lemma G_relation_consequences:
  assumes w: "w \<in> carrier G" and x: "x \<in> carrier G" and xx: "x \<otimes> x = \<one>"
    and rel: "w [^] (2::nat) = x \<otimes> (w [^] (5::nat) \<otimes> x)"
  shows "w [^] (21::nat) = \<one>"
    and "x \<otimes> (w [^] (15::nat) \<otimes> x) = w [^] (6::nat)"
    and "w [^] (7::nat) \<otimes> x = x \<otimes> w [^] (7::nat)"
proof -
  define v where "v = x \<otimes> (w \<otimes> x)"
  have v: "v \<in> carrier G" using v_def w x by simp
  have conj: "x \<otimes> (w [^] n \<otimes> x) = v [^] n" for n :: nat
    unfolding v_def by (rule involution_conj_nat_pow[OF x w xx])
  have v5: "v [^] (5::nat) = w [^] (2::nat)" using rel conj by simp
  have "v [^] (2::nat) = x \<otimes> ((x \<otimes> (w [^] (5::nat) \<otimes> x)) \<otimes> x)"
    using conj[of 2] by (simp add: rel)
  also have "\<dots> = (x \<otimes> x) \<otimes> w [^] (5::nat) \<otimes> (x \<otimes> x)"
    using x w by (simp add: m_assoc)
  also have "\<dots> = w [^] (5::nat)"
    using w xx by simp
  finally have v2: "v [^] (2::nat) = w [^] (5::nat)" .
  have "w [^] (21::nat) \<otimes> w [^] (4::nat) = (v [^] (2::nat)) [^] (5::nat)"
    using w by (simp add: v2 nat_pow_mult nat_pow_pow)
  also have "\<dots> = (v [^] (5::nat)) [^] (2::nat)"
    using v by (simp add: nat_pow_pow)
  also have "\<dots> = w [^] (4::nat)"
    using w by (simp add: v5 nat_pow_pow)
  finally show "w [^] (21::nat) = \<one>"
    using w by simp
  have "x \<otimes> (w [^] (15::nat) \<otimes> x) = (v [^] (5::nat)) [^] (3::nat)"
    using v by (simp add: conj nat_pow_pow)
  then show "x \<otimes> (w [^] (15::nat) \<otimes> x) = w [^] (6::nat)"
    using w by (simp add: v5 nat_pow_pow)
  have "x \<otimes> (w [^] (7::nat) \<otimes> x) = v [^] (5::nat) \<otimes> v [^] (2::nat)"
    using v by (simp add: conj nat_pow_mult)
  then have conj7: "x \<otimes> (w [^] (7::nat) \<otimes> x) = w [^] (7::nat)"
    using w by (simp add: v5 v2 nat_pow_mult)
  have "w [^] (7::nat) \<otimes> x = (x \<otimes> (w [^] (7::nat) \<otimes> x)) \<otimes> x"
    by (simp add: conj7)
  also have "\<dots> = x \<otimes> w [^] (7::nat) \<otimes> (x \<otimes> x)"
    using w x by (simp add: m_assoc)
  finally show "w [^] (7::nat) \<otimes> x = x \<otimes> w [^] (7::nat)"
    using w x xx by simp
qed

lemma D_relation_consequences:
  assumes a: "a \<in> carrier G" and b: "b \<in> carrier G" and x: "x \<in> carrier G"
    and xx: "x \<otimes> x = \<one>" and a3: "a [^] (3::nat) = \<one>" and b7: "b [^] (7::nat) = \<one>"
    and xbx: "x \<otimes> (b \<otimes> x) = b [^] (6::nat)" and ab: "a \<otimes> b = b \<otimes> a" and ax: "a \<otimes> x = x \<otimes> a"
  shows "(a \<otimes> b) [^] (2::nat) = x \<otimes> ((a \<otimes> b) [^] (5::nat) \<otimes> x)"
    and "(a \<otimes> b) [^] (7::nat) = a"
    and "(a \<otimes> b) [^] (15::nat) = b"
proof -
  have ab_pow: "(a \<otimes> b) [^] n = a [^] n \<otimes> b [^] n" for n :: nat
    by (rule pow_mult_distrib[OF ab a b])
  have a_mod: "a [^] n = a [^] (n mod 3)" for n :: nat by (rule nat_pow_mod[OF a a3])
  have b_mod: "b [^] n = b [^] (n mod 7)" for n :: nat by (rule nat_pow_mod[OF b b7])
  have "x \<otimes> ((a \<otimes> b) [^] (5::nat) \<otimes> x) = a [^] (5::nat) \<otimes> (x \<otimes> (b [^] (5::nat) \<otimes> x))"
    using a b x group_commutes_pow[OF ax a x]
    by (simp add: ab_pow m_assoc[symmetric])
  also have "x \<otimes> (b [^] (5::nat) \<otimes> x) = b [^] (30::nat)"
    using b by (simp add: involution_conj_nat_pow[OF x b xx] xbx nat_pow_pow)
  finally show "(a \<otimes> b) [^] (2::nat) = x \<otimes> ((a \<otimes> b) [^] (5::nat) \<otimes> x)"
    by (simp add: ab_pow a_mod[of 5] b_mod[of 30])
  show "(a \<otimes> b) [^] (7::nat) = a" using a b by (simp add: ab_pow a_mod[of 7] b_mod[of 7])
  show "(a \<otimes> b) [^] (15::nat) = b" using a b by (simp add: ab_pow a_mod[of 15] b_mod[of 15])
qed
======
TASK TO COMPLETE: Produce a word-for-word copy of everything above from the line holding "(5::nat) \<otimes> v" down to the line holding "using w x by (simp add: m_assoc)", with both of those lines kept.

FINAL ANSWER:
  have "x \<otimes> (w [^] (7::nat) \<otimes> x) = v [^] (5::nat) \<otimes> v [^] (2::nat)"
    using v by (simp add: conj nat_pow_mult)
  then have conj7: "x \<otimes> (w [^] (7::nat) \<otimes> x) = w [^] (7::nat)"
    using w by (simp add: v5 v2 nat_pow_mult)
  have "w [^] (7::nat) \<otimes> x = (x \<otimes> (w [^] (7::nat) \<otimes> x)) \<otimes> x"
    by (simp add: conj7)
  also have "\<dots> = x \<otimes> w [^] (7::nat) \<otimes> (x \<otimes> x)"
    using w x by (simp add: m_assoc)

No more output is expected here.